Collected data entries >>

lemma potentials_iff:
  "y \<in> potentials A T \<longleftrightarrow>
     y \<in> pos_part A \<and> op_diff y (T y) \<in> pos_part A \<and> (\<forall>h. (\<lambda>N. (T ^^ N) y h) \<longlonglongrightarrow> 0)"
proof
  assume "y \<in> potentials A T"
  then obtain x where y: "y \<in> pos_part A" and x: "x \<in> pos_part A"
    and sums: "strong_sums (\<lambda>n. (T ^^ n) x) y"
    by (auto simp: potentials_def T_summable_def)
  have "op_diff y (T y) = x"
    using T_potential_eq[OF x y sums] by (simp add: op_diff_def)
  moreover have "(\<lambda>N. (T ^^ N) y h) \<longlonglongrightarrow> 0" for h
  proof -
    have "(\<lambda>N. y h - partial_sums T x N h) \<longlonglongrightarrow> y h - y h"
      using sums by (intro tendsto_diff tendsto_const) (simp add: strong_sums_iff_partial_sums)
    then show ?thesis
      using partial_sums_telescope[of y] y \<open>op_diff y (T y) = x\<close>
      by (simp add: pos_part_def op_diff_def)
  qed
  ultimately show "y \<in> pos_part A \<and> op_diff y (T y) \<in> pos_part A \<and> (\<forall>h. (\<lambda>N. (T ^^ N) y h) \<longlonglongrightarrow> 0)"
    using x y by simp
next
  assume y: "y \<in> pos_part A \<and> op_diff y (T y) \<in> pos_part A \<and> (\<forall>h. (\<lambda>N. (T ^^ N) y h) \<longlonglongrightarrow> 0)"
  have "(\<lambda>N. y h - (T ^^ N) y h) \<longlonglongrightarrow> y h - 0" for h
    using y by (intro tendsto_diff tendsto_const) auto
  moreover have "partial_sums T (op_diff y (T y)) N h = y h - (T ^^ N) y h" for N h
    using y partial_sums_telescope[of y] by (simp add: pos_part_def op_diff_def)
  ultimately have "strong_sums (\<lambda>n. (T ^^ n) (op_diff y (T y))) y"
    by (simp add: strong_sums_iff_partial_sums)
  then show "y \<in> potentials A T"
    using y by (auto simp: potentials_def T_summable_def)
qed

lemma potentials_op_add:
  assumes "y \<in> potentials A T" "z \<in> potentials A T"
  shows "op_add y z \<in> potentials A T"
proof -
  have y: "y \<in> A" "pos_op y" "op_diff y (T y) \<in> A" "pos_op (op_diff y (T y))"
    "\<And>h. (\<lambda>N. (T ^^ N) y h) \<longlonglongrightarrow> 0"
    using assms(1) potentials_iff by (auto simp: pos_part_def)
  have z: "z \<in> A" "pos_op z" "op_diff z (T z) \<in> A" "pos_op (op_diff z (T z))"
    "\<And>h. (\<lambda>N. (T ^^ N) z h) \<longlonglongrightarrow> 0"
    using assms(2) potentials_iff by (auto simp: pos_part_def)
  have "op_diff (op_add y z) (T (op_add y z)) = op_add (op_diff y (T y)) (op_diff z (T z))"
    unfolding T_op_add[OF y(1) z(1)] by (simp add: op_add_def op_diff_def algebra_simps)
  moreover have "(\<lambda>N. (T ^^ N) (op_add y z) h) \<longlonglongrightarrow> 0" for h
    using tendsto_add[OF y(5)[of h] z(5)[of h]]
    unfolding funpow_op_add[OF y(1) z(1)] by (simp add: op_add_def)
  ultimately show ?thesis
    using y z by (simp add: potentials_iff pos_part_def op_add_mem pos_op_op_add)
qed

lemma potentials_op_scale:
  assumes "y \<in> potentials A T" "0 \<le> c"
  shows "op_scale (complex_of_real c) y \<in> potentials A T"
proof -
  have y: "y \<in> A" "pos_op y" "op_diff y (T y) \<in> A" "pos_op (op_diff y (T y))"
    "\<And>h. (\<lambda>N. (T ^^ N) y h) \<longlonglongrightarrow> 0"
    using assms(1) potentials_iff by (auto simp: pos_part_def)
  let ?c = "complex_of_real c"
  have "op_diff (op_scale ?c y) (T (op_scale ?c y)) = op_scale ?c (op_diff y (T y))"
    unfolding T_op_scale[OF y(1)] by (simp add: op_scale_of_real op_diff_def scaleR_diff_right)
  moreover have "(\<lambda>N. (T ^^ N) (op_scale ?c y) h) \<longlonglongrightarrow> 0" for h
    using tendsto_scaleR[OF tendsto_const[of c] y(5)]
    unfolding funpow_op_scale[OF y(1)] by (simp add: op_scale_of_real)
  ultimately show ?thesis
    using y assms(2) by (simp add: potentials_iff pos_part_def op_scale_mem pos_op_op_scale_real)
qed

lemma potentials_T:
  assumes "y \<in> potentials A T"
  shows "T y \<in> potentials A T"
proof -
  have y: "y \<in> A" "pos_op y" "op_diff y (T y) \<in> A" "pos_op (op_diff y (T y))"
    "\<And>h. (\<lambda>N. (T ^^ N) y h) \<longlonglongrightarrow> 0"
    using assms potentials_iff by (auto simp: pos_part_def)
  have "op_diff (T y) (T (T y)) = T (op_diff y (T y))"
    by (simp add: T_op_diff y(1) T_mem)
  moreover have "(\<lambda>N. (T ^^ N) (T y) h) \<longlonglongrightarrow> 0" for h
    using LIMSEQ_Suc[OF y(5)] by (simp add: funpow_swap1)
  ultimately show ?thesis
    using y by (simp add: potentials_iff pos_part_def T_mem T_pos)
qed

lemma inner_funpow_le:
  assumes "y \<in> A" "pos_op (op_diff y (T y))"
  shows "inner ((T ^^ N) y h) h \<le> inner (y h) h"
proof -
  have "inner ((T ^^ Suc n) y h) h \<le> inner ((T ^^ n) y h) h" for n
  proof -
    have "pos_op ((T ^^ n) (op_diff y (T y)))"
      using assms by (simp add: funpow_pos op_diff_mem T_mem)
    then show ?thesis
      unfolding funpow_op_diff[OF assms(1) T_mem[OF assms(1)]]
      by (simp add: funpow_swap1 pos_op_iff_hermitian op_diff_def inner_diff_left)
  qed
  then have "decseq (\<lambda>n. inner ((T ^^ n) y h) h)" by (rule decseq_SucI)
  from decseqD[OF this, of 0 N] show ?thesis by simp
qed

lemma funpow_tendsto_zero:
  assumes "y \<in> A" "pos_op y" "pos_op (op_diff y (T y))"
    and weak: "(\<lambda>N. inner ((T ^^ N) y h) h) \<longlonglongrightarrow> 0"
  shows "(\<lambda>N. (T ^^ N) y h) \<longlonglongrightarrow> 0"
proof (rule Lim_null_comparison)
  let ?M = "onorm y"
  have "inner ((T ^^ N) y v) v \<le> ?M * (norm v)\<^sup>2" for N v
    using inner_funpow_le[OF assms(1,3), of N v] abs_inner_le_onorm[OF mem_bop[OF assms(1)], of v v]
    by (simp add: power2_eq_square mult.assoc)
  then have "(norm ((T ^^ N) y h))\<^sup>2 \<le> ?M * inner ((T ^^ N) y h) h" for N
    by (intro norm_sq_le_pos_op funpow_pos assms(1,2))
  then show "\<forall>\<^sub>F N in sequentially. norm ((T ^^ N) y h) \<le> sqrt (?M * inner ((T ^^ N) y h) h)"
    by (intro always_eventually allI real_le_rsqrt)
  show "(\<lambda>N. sqrt (?M * inner ((T ^^ N) y h) h)) \<longlonglongrightarrow> 0"
    using tendsto_real_sqrt[OF tendsto_mult[OF tendsto_const[of ?M] weak]] by simp
qed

About this exercise >> Your task is to repeat every entry exactly.

Solution for this problem >>
lemma potentials_iff:
  "y \<in> potentials A T \<longleftrightarrow>
     y \<in> pos_part A \<and> op_diff y (T y) \<in> pos_part A \<and> (\<forall>h. (\<lambda>N. (T ^^ N) y h) \<longlonglongrightarrow> 0)"
proof
  assume "y \<in> potentials A T"
  then obtain x where y: "y \<in> pos_part A" and x: "x \<in> pos_part A"
    and sums: "strong_sums (\<lambda>n. (T ^^ n) x) y"
    by (auto simp: potentials_def T_summable_def)
  have "op_diff y (T y) = x"
    using T_potential_eq[OF x y sums] by (simp add: op_diff_def)
  moreover have "(\<lambda>N. (T ^^ N) y h) \<longlonglongrightarrow> 0" for h
  proof -
    have "(\<lambda>N. y h - partial_sums T x N h) \<longlonglongrightarrow> y h - y h"
      using sums by (intro tendsto_diff tendsto_const) (simp add: strong_sums_iff_partial_sums)
    then show ?thesis
      using partial_sums_telescope[of y] y \<open>op_diff y (T y) = x\<close>
      by (simp add: pos_part_def op_diff_def)
  qed
  ultimately show "y \<in> pos_part A \<and> op_diff y (T y) \<in> pos_part A \<and> (\<forall>h. (\<lambda>N. (T ^^ N) y h) \<longlonglongrightarrow> 0)"
    using x y by simp
next
  assume y: "y \<in> pos_part A \<and> op_diff y (T y) \<in> pos_part A \<and> (\<forall>h. (\<lambda>N. (T ^^ N) y h) \<longlonglongrightarrow> 0)"
  have "(\<lambda>N. y h - (T ^^ N) y h) \<longlonglongrightarrow> y h - 0" for h
    using y by (intro tendsto_diff tendsto_const) auto
  moreover have "partial_sums T (op_diff y (T y)) N h = y h - (T ^^ N) y h" for N h
    using y partial_sums_telescope[of y] by (simp add: pos_part_def op_diff_def)
  ultimately have "strong_sums (\<lambda>n. (T ^^ n) (op_diff y (T y))) y"
    by (simp add: strong_sums_iff_partial_sums)
  then show "y \<in> potentials A T"
    using y by (auto simp: potentials_def T_summable_def)
qed

lemma potentials_op_add:
  assumes "y \<in> potentials A T" "z \<in> potentials A T"
  shows "op_add y z \<in> potentials A T"
proof -
  have y: "y \<in> A" "pos_op y" "op_diff y (T y) \<in> A" "pos_op (op_diff y (T y))"
    "\<And>h. (\<lambda>N. (T ^^ N) y h) \<longlonglongrightarrow> 0"
    using assms(1) potentials_iff by (auto simp: pos_part_def)
  have z: "z \<in> A" "pos_op z" "op_diff z (T z) \<in> A" "pos_op (op_diff z (T z))"
    "\<And>h. (\<lambda>N. (T ^^ N) z h) \<longlonglongrightarrow> 0"
    using assms(2) potentials_iff by (auto simp: pos_part_def)
  have "op_diff (op_add y z) (T (op_add y z)) = op_add (op_diff y (T y)) (op_diff z (T z))"
    unfolding T_op_add[OF y(1) z(1)] by (simp add: op_add_def op_diff_def algebra_simps)
  moreover have "(\<lambda>N. (T ^^ N) (op_add y z) h) \<longlonglongrightarrow> 0" for h
    using tendsto_add[OF y(5)[of h] z(5)[of h]]
    unfolding funpow_op_add[OF y(1) z(1)] by (simp add: op_add_def)
  ultimately show ?thesis
    using y z by (simp add: potentials_iff pos_part_def op_add_mem pos_op_op_add)
qed

lemma potentials_op_scale:
  assumes "y \<in> potentials A T" "0 \<le> c"
  shows "op_scale (complex_of_real c) y \<in> potentials A T"
proof -
  have y: "y \<in> A" "pos_op y" "op_diff y (T y) \<in> A" "pos_op (op_diff y (T y))"
    "\<And>h. (\<lambda>N. (T ^^ N) y h) \<longlonglongrightarrow> 0"
    using assms(1) potentials_iff by (auto simp: pos_part_def)
  let ?c = "complex_of_real c"
  have "op_diff (op_scale ?c y) (T (op_scale ?c y)) = op_scale ?c (op_diff y (T y))"
    unfolding T_op_scale[OF y(1)] by (simp add: op_scale_of_real op_diff_def scaleR_diff_right)
  moreover have "(\<lambda>N. (T ^^ N) (op_scale ?c y) h) \<longlonglongrightarrow> 0" for h
    using tendsto_scaleR[OF tendsto_const[of c] y(5)]
    unfolding funpow_op_scale[OF y(1)] by (simp add: op_scale_of_real)
  ultimately show ?thesis
    using y assms(2) by (simp add: potentials_iff pos_part_def op_scale_mem pos_op_op_scale_real)
qed

lemma potentials_T:
  assumes "y \<in> potentials A T"
  shows "T y \<in> potentials A T"
proof -
  have y: "y \<in> A" "pos_op y" "op_diff y (T y) \<in> A" "pos_op (op_diff y (T y))"
    "\<And>h. (\<lambda>N. (T ^^ N) y h) \<longlonglongrightarrow> 0"
    using assms potentials_iff by (auto simp: pos_part_def)
  have "op_diff (T y) (T (T y)) = T (op_diff y (T y))"
    by (simp add: T_op_diff y(1) T_mem)
  moreover have "(\<lambda>N. (T ^^ N) (T y) h) \<longlonglongrightarrow> 0" for h
    using LIMSEQ_Suc[OF y(5)] by (simp add: funpow_swap1)
  ultimately show ?thesis
    using y by (simp add: potentials_iff pos_part_def T_mem T_pos)
qed

lemma inner_funpow_le:
  assumes "y \<in> A" "pos_op (op_diff y (T y))"
  shows "inner ((T ^^ N) y h) h \<le> inner (y h) h"
proof -
  have "inner ((T ^^ Suc n) y h) h \<le> inner ((T ^^ n) y h) h" for n
  proof -
    have "pos_op ((T ^^ n) (op_diff y (T y)))"
      using assms by (simp add: funpow_pos op_diff_mem T_mem)
    then show ?thesis
      unfolding funpow_op_diff[OF assms(1) T_mem[OF assms(1)]]
      by (simp add: funpow_swap1 pos_op_iff_hermitian op_diff_def inner_diff_left)
  qed
  then have "decseq (\<lambda>n. inner ((T ^^ n) y h) h)" by (rule decseq_SucI)
  from decseqD[OF this, of 0 N] show ?thesis by simp
qed

lemma funpow_tendsto_zero:
  assumes "y \<in> A" "pos_op y" "pos_op (op_diff y (T y))"
    and weak: "(\<lambda>N. inner ((T ^^ N) y h) h) \<longlonglongrightarrow> 0"
  shows "(\<lambda>N. (T ^^ N) y h) \<longlonglongrightarrow> 0"
proof (rule Lim_null_comparison)
  let ?M = "onorm y"
  have "inner ((T ^^ N) y v) v \<le> ?M * (norm v)\<^sup>2" for N v
    using inner_funpow_le[OF assms(1,3), of N v] abs_inner_le_onorm[OF mem_bop[OF assms(1)], of v v]
    by (simp add: power2_eq_square mult.assoc)
  then have "(norm ((T ^^ N) y h))\<^sup>2 \<le> ?M * inner ((T ^^ N) y h) h" for N
    by (intro norm_sq_le_pos_op funpow_pos assms(1,2))
  then show "\<forall>\<^sub>F N in sequentially. norm ((T ^^ N) y h) \<le> sqrt (?M * inner ((T ^^ N) y h) h)"
    by (intro always_eventually allI real_le_rsqrt)
  show "(\<lambda>N. sqrt (?M * inner ((T ^^ N) y h) h)) \<longlonglongrightarrow> 0"
    using tendsto_real_sqrt[OF tendsto_mult[OF tendsto_const[of ?M] weak]] by simp
qed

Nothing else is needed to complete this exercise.